Nevertheless, we do recommend interested readers to check out the
excellent R-package LMMsolver
and its accompanying webpage:
https://biometris.github.io/LMMsolver/
We first show how to prepare the data for the analysis with
covariates, then we see that there is no need to modify the estimation
command, as the function fit2ts()
automatically recognizes
that the data object includes a covariates’ matrix and then it correctly
estimates a GLAM PH model.
dt2ts_cov <- prepare_data(data = reccolon2ts,
u = "timer",
s_out = "timesr",
events = "status",
ds = 30,
individual = TRUE,
covs = c("rx", "sex", "adhere", "obstruct", "node4"))
> print(dt2ts_cov)
An object of class 'data2ts'
Data:
List of 2
$ bins :List of 6
$ bindata:List of 3
- attr(*, "class")= chr "data2ts"
NULL
Range covered by the bins:
$bins_u
[1] 8 2288
$bins_s
[1] 0 2730
Number of bins:
$nu
[1] 76
$ns
[1] 91
Overview of the binned data:
Total exposure time: 246018
Total number of events: 409
Covariates:
[1] "rx_Lev" "rx_Lev+5FU" "sex_male" "adhere"
[5] "obstruct" "node4"
Then, we pass the object d2ts_cov
to
fit2ts()
with the same arguments as before.
mod_cov <- fit2ts(data2ts = dt2ts_cov,
Bbases_spec = list(bdeg = 3,
nseg_s = 20,
min_s = 0,
max_s = 2730,
nseg_u = 20,
min_u = 0,
max_u = 2300),
pord = 2,
optim_method = "ucminf",
optim_criterion = "aic")
> summary(mod_cov)
Number of events = 409
Model specifications:
nu = 76
ns = 91
cu = 23
cs = 23
Optimal smoothing:
log10(rho_u) = 3.086114
log10(rho_s) = 0.2253687
rho_u = 1219.309
rho_s = 1.68023
beta se(beta) exp(beta) lower .95 upper.95
rx_Lev 0.06621986 0.1151591 1.068462 0.8272971 1.309626
rx_Lev+5FU 0.38410555 0.1300922 1.468300 1.0939121 1.842689
sex_male 0.25326405 0.1012150 1.288223 1.0326638 1.543783
adhere 0.15249198 0.1306318 1.164733 0.8665169 1.462949
obstruct 0.16664046 0.1218382 1.181329 0.8992247 1.463434
node4 0.39348460 0.1047729 1.482136 1.1777726 1.786500
Model diagnostics:
AIC = 3073.101
BIC = 3185.81
ED = 16.01658
It is, in principle, possible to prepare the data over the \((t,s)\)-plane.
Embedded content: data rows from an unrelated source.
(* Consider the following game over slots $1,\dots,T$ with $N\ge2$ users. The BS chooses a pmf $\mathbf p=(p_1,\dots,p_N)$ and in every slot, independently, schedules user $i$ with probability $p_i$. The adversary chooses a blocking matrix $\sigma\in\{0,1\}^{N\times T}$, where $\sigma_i(t)=0$ means user $i$ is blocked in slot $t$. Feasibility means $\sum_{i,t}(1-\sigma_i(t))\le\alpha T$ and at most one user is blocked per slot, where $0<\alpha<1$. Ages satisfy $a_i(1)=1$ and $a_i(t+1)=1$ if user $i$ is scheduled and not blocked in slot $t$, and $a_i(t+1)=a_i(t)+1$ otherwise. The payoff is $\Delta^{\mathbf p,\sigma}=\frac1T\sum_{t=1}^T\frac1N\sum_i\mathbb E[a_i(t)]$; the BS minimizes it and the adversary maximizes it. Then, for all sufficiently large $T$ with $\alpha T\in\mathbb Z$, this game has no Nash equilibrium. That is, there is no pair $(\bar{\mathbf p},\bar\sigma)$ with $\Delta^{\bar{\mathbf p},\bar\sigma}\le\Delta^{\mathbf p,\bar\sigma}$ for all pmfs $\mathbf p$ and $\Delta^{\bar{\mathbf p},\bar\sigma}\ge\Delta^{\bar{\mathbf p},\sigma}$ for all feasible $\sigma$. *)

theory Defs
  imports "HOL-Probability.Probability"
begin

(* Users are 0..N-1, slots are 1..T.
   A blocking matrix is sigma :: nat => nat => bool, where  sigma i t = True  means
   sigma_i(t) = 1 (user i NOT blocked in slot t) and False means blocked.
   A schedule is s :: nat => nat, s t = user scheduled in slot t. *)

(* age s i t = a_i(t) for t >= 1; the value at t = 0 is an unused dummy *)
fun age :: "(nat \<Rightarrow> nat \<Rightarrow> bool) \<Rightarrow> (nat \<Rightarrow> nat) \<Rightarrow> nat \<Rightarrow> nat \<Rightarrow> nat" where
  "age \<sigma> s i 0 = 1"
| "age \<sigma> s i (Suc 0) = 1"
| "age \<sigma> s i (Suc (Suc t)) =
     (if s (Suc t) = i \<and> \<sigma> i (Suc t) then 1 else age \<sigma> s i (Suc t) + 1)"

definition user_pmf :: "nat \<Rightarrow> nat pmf \<Rightarrow> bool" where
  "user_pmf N p \<longleftrightarrow> set_pmf p \<subseteq> {..<N}"

definition sched_pmf :: "nat \<Rightarrow> nat pmf \<Rightarrow> (nat \<Rightarrow> nat) pmf" where
  "sched_pmf T p = Pi_pmf {1..T} 0 (\<lambda>_. p)"

definition feasible :: "nat \<Rightarrow> nat \<Rightarrow> real \<Rightarrow> (nat \<Rightarrow> nat \<Rightarrow> bool) \<Rightarrow> bool" where
  "feasible N T \<alpha> \<sigma> \<longleftrightarrow>
     real (card {(i, t). i < N \<and> t \<in> {1..T} \<and> \<not> \<sigma> i t}) \<le> \<alpha> * real T \<and>
     (\<forall>t\<in>{1..T}. \<forall>i<N. \<forall>j<N. \<not> \<sigma> i t \<and> \<not> \<sigma> j t \<longrightarrow> i = j)"

definition payoff :: "nat \<Rightarrow> nat \<Rightarrow> nat pmf \<Rightarrow> (nat \<Rightarrow> nat \<Rightarrow> bool) \<Rightarrow> real" where
  "payoff N T p \<sigma> =
     (1 / real T) * (\<Sum>t = 1..T. (1 / real N) *
        (\<Sum>i<N. measure_pmf.expectation (sched_pmf T p) (\<lambda>s. real (age \<sigma> s i t))))"

end

theory Submission
  imports Defs
begin

(* The expected age of a user depends only on its scheduling probability x and on its own
   blocking pattern: it is multiplied by 1 - x and increased by 1 in an unblocked slot and
   increased by 1 in a blocked one. Against a pattern with k blocked slots the summed expected
   age is therefore at most (T + k)/x + k(k-1)/2. So against any feasible blocking the BS has a
   response keeping N T times the payoff below
     max ((sqrt (1 + alpha) + N - 1)^2 T + B(B-1)/2) (N^2 T + N B + B(B-2)/2),   B = alpha T,
   weighting the users proportionally to sqrt (1 + alpha) : 1 : ... : 1 if all blocks hit one
   user and uniformly otherwise. Conversely, against any pmf the adversary blocks the least
   likely user during B consecutive slots in the middle of the horizon; by the harmonic-mean
   inequality this forces at least N^2 T + N B + B(B-1)/2 - O(1). For large T this exceeds both
   terms of the maximum, so no pair of strategies can be best responses to each other. *)

lemma sum_atLeastAtMost_1_add:
  fixes f :: "nat \<Rightarrow> 'a::comm_monoid_add"
  shows "(\<Sum>t = 1..m + n. f t) = (\<Sum>t = 1..m. f t) + (\<Sum>j = 1..n. f (m + j))"
proof -
  have "(\<Sum>t = m + 1..m + n. f t) = (\<Sum>j = 1..n. f (m + j))"
    using sum.shift_bounds_cl_nat_ivl[of f 1 m n] by (simp add: add.commute)
  then show ?thesis
    using sum.ub_add_nat[of 1 m f n] by simp
qed

lemma geometric_sum_1_mult: "x * (\<Sum>j = 1..n. (1 - x) ^ j) = (1 - x) - (1 - x) ^ Suc n" for x :: real
  using sum_gp_multiplied[of 1 n "1 - x"] by (cases n) auto

lemma geometric_sum_1_le:
  fixes x :: real
  assumes "0 < x" "x \<le> 1"
  shows "(\<Sum>j = 1..n. (1 - x) ^ j) \<le> 1 / x"
proof -
  have "x * (\<Sum>j = 1..n. (1 - x) ^ j) = (1 - x) - (1 - x) ^ Suc n"
    by (rule geometric_sum_1_mult)
  also have "\<dots> \<le> 1"
    using assms zero_le_power[of "1 - x" "Suc n"] by linarith
  finally show ?thesis
    using assms by (simp add: field_simps)
qed

lemma mult_power_le_inverse:
  assumes "0 < x" "x \<le> 1"
  shows "real m * (1 - x) ^ m \<le> 1 / x"
proof -
  have "real m * (1 - x) ^ m = (\<Sum>j = 1..m. (1 - x) ^ m)"
    by simp
  also have "\<dots> \<le> (\<Sum>j = 1..m. (1 - x) ^ j)"
    using assms by (intro sum_mono power_decreasing) auto
  also have "\<dots> \<le> 1 / x"
    using assms by (rule geometric_sum_1_le)
  finally show ?thesis .
qed

lemma mult_power_divide_le:
  fixes x K b :: real
  assumes "0 < x" "x \<le> 1" "0 \<le> K" "b \<le> K * m"
  shows "b * (1 - x) ^ m / x \<le> K / x\<^sup>2"
proof -
  have "b * (1 - x) ^ m \<le> K * (m * (1 - x) ^ m)"
    using assms by (simp add: mult.assoc[symmetric] mult_right_mono)
  also have "\<dots> \<le> K / x"
    using mult_left_mono[OF mult_power_le_inverse[OF assms(1,2), of m] assms(3)] by simp
  finally show ?thesis
    using assms(1) by (simp add: field_simps power2_eq_square)
qed

lemma sum_inverse_ge_square:
  assumes "\<And>i. i < N \<Longrightarrow> 0 < x i" "(\<Sum>i<N. x i) = 1"
  shows "real N ^ 2 \<le> (\<Sum>i<N. 1 / x i)"
proof -
  have "2 * N \<le> 1 / x i + N\<^sup>2 * x i" if "i < N" for i
  proof -
    have "0 \<le> (1 - N * x i)\<^sup>2 / x i"
      using assms(1)[OF that] by simp
    then show ?thesis
      using assms(1)[OF that] by (simp add: power2_eq_square field_simps)
  qed
  then have "(\<Sum>i<N. 2 * real N) \<le> (\<Sum>i<N. 1 / x i + N\<^sup>2 * x i)"
    by (intro sum_mono) auto
  with assms(2) show ?thesis
    by (simp add: sum.distrib sum_distrib_left[symmetric] power2_eq_square)
qed

lemma eventually_less_mult_real: "0 < a \<Longrightarrow> \<forall>\<^sub>F T in sequentially. b < a * real T"
proof -
  assume a: "0 < a"
  obtain n :: nat where "b / a < n"
    using reals_Archimedean2 by blast
  then have "b / a < real T" if "n \<le> T" for T
    using that of_nat_le_iff[of n T, where 'a = real] by linarith
  then have "b < a * real T" if "n \<le> T" for T
    using a that by (simp add: pos_divide_less_eq mult.commute)
  then show ?thesis
    unfolding eventually_sequentially by blast
qed

lemma expectation_pair_pmf_mult:
  fixes f :: "'a \<Rightarrow> real" and g :: "'b \<Rightarrow> real"
  assumes "finite (set_pmf A)" "finite (set_pmf B)"
  shows "measure_pmf.expectation (pair_pmf A B) (\<lambda>z. f (fst z) * g (snd z)) =
         measure_pmf.expectation A f * measure_pmf.expectation B g"
proof -
  have "measure_pmf.expectation (pair_pmf A B) (\<lambda>z. f (fst z) * g (snd z)) =
        (\<Sum>z\<in>set_pmf A \<times> set_pmf B. f (fst z) * g (snd z) * pmf (pair_pmf A B) z)"
    using assms by (intro integral_measure_pmf_real) auto
  also have "\<dots> = (\<Sum>a\<in>set_pmf A. \<Sum>b\<in>set_pmf B. (f a * pmf A a) * (g b * pmf B b))"
    by (simp add: sum.cartesian_product case_prod_unfold mult_ac)
       (intro sum.cong refl, metis pmf_pair prod.collapse)
  also have "\<dots> = (\<Sum>a\<in>set_pmf A. f a * pmf A a) * (\<Sum>b\<in>set_pmf B. g b * pmf B b)"
    by (simp add: sum_product)
  also have "\<dots> = measure_pmf.expectation A f * measure_pmf.expectation B g"
    using assms by (simp add: integral_measure_pmf_real[of "set_pmf _"])
  finally show ?thesis .
qed

lemma expectation_if_eq_0_1:
  "measure_pmf.expectation p (\<lambda>y. if y = i \<and> c then 0 else 1 :: real) = (if c then 1 - pmf p i else 1)"
proof (cases c)
  case True
  then have "(\<lambda>y. if y = i \<and> c then 0 else 1 :: real) = (\<lambda>y. 1 - indicator {i} y)"
    by (auto simp: fun_eq_iff)
  moreover have "measure_pmf.expectation p (\<lambda>y. 1 - indicator {i} y :: real) = 1 - pmf p i"
    by (subst Bochner_Integration.integral_diff)
      (auto simp: measure_pmf.prob_space measure_pmf_single measure_pmf.integrable_const_bound[where B = 1])
  ultimately show ?thesis
    using True by simp
qed simp

lemma finite_set_Pi_pmf_const:
  "finite A \<Longrightarrow> finite (set_pmf p) \<Longrightarrow> finite (set_pmf (Pi_pmf A d (\<lambda>_. p)))"
  by (rule finite_subset[OF set_Pi_pmf_subset']) (auto intro!: finite_PiE_dflt)

section \<open>Expected ages\<close>

lemma age_cong: "(\<And>u. u < t \<Longrightarrow> s u = s' u) \<Longrightarrow> age \<sigma> s i t = age \<sigma> s' i t"
  by (induction \<sigma> s i t rule: age.induct) auto

(* For t \<ge> 1, mean_age x b t is the expected age at slot t of a user that is scheduled with
   probability x in every slot and is unblocked exactly in the slots u with b u. *)
fun mean_age :: "real \<Rightarrow> (nat \<Rightarrow> bool) \<Rightarrow> nat \<Rightarrow> real" where
  "mean_age x b 0 = 1"
| "mean_age x b (Suc 0) = 1"
| "mean_age x b (Suc (Suc t)) = 1 + (if b (Suc t) then 1 - x else 1) * mean_age x b (Suc t)"

lemma mean_age_Suc: "1 \<le> t \<Longrightarrow> mean_age x b (Suc t) = 1 + (if b t then 1 - x else 1) * mean_age x b t"
  by (cases t) auto

definition total_age :: "real \<Rightarrow> (nat \<Rightarrow> bool) \<Rightarrow> nat \<Rightarrow> real" where
  "total_age x b T = (\<Sum>t = 1..T. mean_age x b t)"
To do so, we pass as
arguments to the function prepare_data()
a vector of entry
times and a vector of exit times over the \(t\) axis, rather than the vector of entry
times \(u\). From the image plot of the
exposure times, we can see how the data are only present in the lower
half-plane where \(t \ge s\).
dt2tsLex <- prepare_data(data = reccolon2ts,
t_in = "timer",
t_out = "timedc",
s_out = "timesr",
events = "status",
ds = 30, dt = 30)
fields::image.plot(dt2tsLex$bins$midt,
dt2tsLex$bins$mids,
dt2tsLex$bindata$R,
main = "Exposure",
xlab = "time since randomization",
ylab = "time since recurrence",
col = c("white", rev(viridis::plasma(20))))
abline(a=0,b=1)
box()
Note: estimation over the \((t,s)\)-plane with the same model is theoretically possible, but special care is needed to deal with the larger areas without data support (especially those where \(t < s\)). Comparison with the estimation over the \((u,s)\)-plane is currently under investigation. A future version of the package will include options for estimation over the \((t,s)\)-plane.